MATERIALS PROVIDED
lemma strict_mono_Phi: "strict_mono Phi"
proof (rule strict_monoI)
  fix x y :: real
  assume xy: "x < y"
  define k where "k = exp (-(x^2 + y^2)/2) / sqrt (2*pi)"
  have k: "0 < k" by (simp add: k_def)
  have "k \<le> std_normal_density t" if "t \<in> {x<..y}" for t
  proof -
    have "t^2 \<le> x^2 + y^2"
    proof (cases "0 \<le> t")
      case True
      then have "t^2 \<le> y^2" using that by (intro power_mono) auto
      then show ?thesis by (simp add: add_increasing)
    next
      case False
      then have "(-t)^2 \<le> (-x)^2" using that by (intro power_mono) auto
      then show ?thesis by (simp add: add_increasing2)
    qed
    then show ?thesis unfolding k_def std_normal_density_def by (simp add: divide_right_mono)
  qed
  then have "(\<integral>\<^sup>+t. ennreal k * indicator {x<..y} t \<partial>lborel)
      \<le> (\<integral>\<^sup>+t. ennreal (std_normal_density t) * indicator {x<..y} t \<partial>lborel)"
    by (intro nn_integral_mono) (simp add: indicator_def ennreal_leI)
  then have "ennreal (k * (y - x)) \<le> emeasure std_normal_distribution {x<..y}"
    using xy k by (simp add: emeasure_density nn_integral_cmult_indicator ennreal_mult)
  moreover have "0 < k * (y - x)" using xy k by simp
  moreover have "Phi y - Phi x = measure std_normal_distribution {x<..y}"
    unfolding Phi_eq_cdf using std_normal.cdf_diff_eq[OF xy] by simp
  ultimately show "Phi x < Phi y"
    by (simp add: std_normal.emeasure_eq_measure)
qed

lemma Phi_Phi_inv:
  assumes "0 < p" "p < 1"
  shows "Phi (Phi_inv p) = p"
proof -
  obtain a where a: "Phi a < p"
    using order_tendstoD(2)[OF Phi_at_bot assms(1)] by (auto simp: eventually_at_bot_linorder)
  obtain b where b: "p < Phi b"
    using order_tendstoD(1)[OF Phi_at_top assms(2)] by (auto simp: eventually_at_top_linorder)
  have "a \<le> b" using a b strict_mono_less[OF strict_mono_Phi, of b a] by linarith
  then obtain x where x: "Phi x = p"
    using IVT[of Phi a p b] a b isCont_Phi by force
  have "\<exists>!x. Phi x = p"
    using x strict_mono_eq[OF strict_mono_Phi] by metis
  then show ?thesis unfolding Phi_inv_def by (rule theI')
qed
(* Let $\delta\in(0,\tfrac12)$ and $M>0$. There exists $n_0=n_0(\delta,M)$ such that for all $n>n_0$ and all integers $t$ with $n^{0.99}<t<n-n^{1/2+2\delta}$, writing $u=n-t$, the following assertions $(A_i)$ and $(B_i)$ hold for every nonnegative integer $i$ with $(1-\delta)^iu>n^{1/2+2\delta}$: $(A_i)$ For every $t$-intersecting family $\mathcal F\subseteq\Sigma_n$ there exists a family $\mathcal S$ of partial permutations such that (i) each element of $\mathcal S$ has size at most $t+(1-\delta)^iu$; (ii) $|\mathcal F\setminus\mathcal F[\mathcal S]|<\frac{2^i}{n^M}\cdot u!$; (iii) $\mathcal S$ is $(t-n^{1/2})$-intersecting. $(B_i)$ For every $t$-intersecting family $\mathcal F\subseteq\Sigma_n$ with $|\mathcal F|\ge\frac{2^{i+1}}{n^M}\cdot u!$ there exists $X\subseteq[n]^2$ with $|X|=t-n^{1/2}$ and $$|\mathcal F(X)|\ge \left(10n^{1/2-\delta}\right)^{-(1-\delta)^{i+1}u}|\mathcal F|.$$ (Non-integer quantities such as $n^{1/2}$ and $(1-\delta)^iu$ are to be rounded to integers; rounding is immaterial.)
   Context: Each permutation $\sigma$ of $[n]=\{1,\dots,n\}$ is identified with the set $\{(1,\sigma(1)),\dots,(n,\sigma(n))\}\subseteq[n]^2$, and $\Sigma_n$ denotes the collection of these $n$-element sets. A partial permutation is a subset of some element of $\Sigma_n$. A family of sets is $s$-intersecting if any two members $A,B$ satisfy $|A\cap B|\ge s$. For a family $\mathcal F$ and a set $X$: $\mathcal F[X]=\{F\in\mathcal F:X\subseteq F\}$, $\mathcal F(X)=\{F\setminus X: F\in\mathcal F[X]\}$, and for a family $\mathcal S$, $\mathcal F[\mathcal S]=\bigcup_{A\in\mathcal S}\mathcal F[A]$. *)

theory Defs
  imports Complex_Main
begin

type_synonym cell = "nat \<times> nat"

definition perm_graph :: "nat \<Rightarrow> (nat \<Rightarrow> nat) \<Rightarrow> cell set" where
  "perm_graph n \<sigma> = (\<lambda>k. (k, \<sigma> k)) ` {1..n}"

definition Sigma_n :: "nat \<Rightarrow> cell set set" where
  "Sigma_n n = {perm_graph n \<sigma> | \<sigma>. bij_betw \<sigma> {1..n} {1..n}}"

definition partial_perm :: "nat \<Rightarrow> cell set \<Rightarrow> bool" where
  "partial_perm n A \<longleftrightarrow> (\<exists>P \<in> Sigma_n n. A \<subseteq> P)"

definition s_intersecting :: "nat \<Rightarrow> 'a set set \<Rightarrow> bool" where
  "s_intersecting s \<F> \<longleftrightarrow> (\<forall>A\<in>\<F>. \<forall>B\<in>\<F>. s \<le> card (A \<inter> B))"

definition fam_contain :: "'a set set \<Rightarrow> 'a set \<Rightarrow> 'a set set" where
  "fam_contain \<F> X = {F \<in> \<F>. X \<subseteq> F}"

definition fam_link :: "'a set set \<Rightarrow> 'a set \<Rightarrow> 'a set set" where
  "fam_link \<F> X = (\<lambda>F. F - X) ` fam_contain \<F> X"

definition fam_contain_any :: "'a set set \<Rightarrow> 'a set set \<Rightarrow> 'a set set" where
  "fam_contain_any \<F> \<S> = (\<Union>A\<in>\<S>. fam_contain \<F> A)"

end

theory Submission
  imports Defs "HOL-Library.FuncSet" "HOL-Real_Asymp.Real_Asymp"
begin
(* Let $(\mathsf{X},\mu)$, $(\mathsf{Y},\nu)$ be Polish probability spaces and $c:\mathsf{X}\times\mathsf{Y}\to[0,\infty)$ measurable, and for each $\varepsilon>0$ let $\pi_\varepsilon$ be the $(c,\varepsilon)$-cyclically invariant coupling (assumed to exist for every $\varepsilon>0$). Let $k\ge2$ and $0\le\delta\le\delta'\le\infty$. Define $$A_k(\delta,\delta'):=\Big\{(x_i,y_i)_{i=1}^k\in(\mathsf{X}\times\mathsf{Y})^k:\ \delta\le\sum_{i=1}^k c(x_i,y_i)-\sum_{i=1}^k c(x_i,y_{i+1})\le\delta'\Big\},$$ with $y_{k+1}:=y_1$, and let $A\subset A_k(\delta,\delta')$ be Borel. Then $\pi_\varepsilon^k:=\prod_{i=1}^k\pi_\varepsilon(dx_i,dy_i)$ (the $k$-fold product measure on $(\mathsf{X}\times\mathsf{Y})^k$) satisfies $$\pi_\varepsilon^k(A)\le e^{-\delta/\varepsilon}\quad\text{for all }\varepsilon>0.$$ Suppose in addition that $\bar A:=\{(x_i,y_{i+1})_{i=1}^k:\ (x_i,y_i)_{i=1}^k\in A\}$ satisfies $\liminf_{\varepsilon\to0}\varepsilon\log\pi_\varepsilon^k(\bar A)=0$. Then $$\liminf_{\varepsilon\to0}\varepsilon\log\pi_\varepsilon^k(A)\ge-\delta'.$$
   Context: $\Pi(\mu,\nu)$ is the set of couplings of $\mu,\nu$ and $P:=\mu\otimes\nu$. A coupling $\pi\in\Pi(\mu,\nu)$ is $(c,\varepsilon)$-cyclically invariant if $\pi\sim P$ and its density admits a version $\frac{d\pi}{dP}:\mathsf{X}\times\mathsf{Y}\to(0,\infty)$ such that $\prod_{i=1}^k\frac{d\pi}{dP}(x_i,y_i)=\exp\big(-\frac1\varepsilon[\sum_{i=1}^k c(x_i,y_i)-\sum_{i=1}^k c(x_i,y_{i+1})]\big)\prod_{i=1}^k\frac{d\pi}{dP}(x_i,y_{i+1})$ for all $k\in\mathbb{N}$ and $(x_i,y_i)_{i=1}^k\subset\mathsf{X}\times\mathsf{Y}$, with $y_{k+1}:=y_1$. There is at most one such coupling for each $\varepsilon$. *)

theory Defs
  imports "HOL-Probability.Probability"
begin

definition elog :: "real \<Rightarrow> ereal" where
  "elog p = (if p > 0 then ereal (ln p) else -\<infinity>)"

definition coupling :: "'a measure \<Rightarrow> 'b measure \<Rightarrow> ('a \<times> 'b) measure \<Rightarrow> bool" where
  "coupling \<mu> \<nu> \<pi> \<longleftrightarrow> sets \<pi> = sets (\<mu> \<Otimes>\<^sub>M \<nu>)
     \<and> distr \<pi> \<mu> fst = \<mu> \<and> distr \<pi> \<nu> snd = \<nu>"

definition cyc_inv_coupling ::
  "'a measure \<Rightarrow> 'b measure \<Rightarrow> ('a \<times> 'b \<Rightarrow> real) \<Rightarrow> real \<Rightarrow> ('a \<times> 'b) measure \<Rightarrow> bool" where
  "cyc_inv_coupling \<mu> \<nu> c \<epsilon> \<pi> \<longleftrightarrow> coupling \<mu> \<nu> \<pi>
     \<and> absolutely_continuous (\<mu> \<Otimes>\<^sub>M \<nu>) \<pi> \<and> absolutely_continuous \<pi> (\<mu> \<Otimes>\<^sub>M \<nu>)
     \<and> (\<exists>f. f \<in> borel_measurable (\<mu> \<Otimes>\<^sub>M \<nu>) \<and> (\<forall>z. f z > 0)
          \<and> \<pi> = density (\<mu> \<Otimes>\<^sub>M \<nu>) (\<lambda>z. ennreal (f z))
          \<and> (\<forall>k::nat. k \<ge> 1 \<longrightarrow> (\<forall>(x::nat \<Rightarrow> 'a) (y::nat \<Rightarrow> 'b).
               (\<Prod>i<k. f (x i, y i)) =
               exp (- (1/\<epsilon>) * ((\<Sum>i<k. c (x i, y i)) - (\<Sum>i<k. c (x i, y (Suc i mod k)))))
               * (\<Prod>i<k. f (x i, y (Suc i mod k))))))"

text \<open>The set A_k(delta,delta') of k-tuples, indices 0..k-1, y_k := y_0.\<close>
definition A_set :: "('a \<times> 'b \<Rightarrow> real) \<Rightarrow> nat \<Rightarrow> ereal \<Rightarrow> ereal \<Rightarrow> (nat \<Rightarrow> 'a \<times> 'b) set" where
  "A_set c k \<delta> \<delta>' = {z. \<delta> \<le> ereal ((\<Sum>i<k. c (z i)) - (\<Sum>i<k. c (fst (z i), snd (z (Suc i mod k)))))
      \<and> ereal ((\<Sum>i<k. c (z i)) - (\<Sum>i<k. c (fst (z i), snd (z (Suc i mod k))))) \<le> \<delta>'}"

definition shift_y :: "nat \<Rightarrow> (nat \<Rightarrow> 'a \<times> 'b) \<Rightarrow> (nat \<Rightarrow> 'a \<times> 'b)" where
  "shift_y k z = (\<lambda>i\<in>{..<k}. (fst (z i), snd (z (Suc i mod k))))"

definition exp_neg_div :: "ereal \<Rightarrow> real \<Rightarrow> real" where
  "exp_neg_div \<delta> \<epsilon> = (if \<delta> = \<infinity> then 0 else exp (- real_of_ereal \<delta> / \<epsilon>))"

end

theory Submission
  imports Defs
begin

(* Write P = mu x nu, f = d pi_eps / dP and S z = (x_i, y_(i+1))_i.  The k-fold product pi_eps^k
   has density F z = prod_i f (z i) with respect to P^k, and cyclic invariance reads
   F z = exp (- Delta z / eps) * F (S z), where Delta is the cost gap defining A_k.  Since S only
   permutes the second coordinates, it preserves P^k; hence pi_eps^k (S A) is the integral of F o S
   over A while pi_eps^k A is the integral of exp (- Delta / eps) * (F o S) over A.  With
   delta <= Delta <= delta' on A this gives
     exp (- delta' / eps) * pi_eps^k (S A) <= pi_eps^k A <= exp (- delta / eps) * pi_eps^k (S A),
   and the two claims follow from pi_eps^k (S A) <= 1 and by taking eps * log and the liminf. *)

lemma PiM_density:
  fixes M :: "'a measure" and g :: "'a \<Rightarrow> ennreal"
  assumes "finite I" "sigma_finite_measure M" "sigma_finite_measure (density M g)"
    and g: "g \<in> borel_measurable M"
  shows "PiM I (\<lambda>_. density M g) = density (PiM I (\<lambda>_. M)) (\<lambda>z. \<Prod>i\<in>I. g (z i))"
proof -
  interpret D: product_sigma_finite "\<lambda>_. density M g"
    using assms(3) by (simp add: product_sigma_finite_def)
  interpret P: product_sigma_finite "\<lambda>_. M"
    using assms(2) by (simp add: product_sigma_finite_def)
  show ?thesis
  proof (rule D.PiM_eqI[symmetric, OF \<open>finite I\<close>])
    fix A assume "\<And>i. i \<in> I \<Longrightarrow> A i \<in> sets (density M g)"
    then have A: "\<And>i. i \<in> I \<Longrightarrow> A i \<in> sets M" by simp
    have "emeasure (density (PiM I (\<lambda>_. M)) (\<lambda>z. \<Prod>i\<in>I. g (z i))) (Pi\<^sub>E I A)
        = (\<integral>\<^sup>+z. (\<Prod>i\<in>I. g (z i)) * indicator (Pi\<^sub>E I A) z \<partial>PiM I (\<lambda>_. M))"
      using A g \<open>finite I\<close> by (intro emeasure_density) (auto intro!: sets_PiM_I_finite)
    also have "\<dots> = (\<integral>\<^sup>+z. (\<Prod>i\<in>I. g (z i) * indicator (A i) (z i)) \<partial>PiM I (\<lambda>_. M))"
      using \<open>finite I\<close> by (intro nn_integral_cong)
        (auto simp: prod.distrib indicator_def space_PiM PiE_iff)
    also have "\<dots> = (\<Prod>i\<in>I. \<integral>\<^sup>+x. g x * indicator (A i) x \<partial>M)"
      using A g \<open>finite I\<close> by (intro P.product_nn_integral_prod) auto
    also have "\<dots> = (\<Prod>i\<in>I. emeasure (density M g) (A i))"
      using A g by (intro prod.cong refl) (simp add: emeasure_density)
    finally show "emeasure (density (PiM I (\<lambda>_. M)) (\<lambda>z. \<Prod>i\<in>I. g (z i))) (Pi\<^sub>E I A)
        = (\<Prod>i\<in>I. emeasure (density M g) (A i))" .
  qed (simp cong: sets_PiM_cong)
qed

TASK
Copy out the entries above exactly as given, starting at the top and ending with the line containing "ennreal k *"; include both and nothing more.

ANSWER SPACE
lemma strict_mono_Phi: "strict_mono Phi"
proof (rule strict_monoI)
  fix x y :: real
  assume xy: "x < y"
  define k where "k = exp (-(x^2 + y^2)/2) / sqrt (2*pi)"
  have k: "0 < k" by (simp add: k_def)
  have "k \<le> std_normal_density t" if "t \<in> {x<..y}" for t
  proof -
    have "t^2 \<le> x^2 + y^2"
    proof (cases "0 \<le> t")
      case True
      then have "t^2 \<le> y^2" using that by (intro power_mono) auto
      then show ?thesis by (simp add: add_increasing)
    next
      case False
      then have "(-t)^2 \<le> (-x)^2" using that by (intro power_mono) auto
      then show ?thesis by (simp add: add_increasing2)
    qed
    then show ?thesis unfolding k_def std_normal_density_def by (simp add: divide_right_mono)
  qed
  then have "(\<integral>\<^sup>+t. ennreal k * indicator {x<..y} t \<partial>lborel)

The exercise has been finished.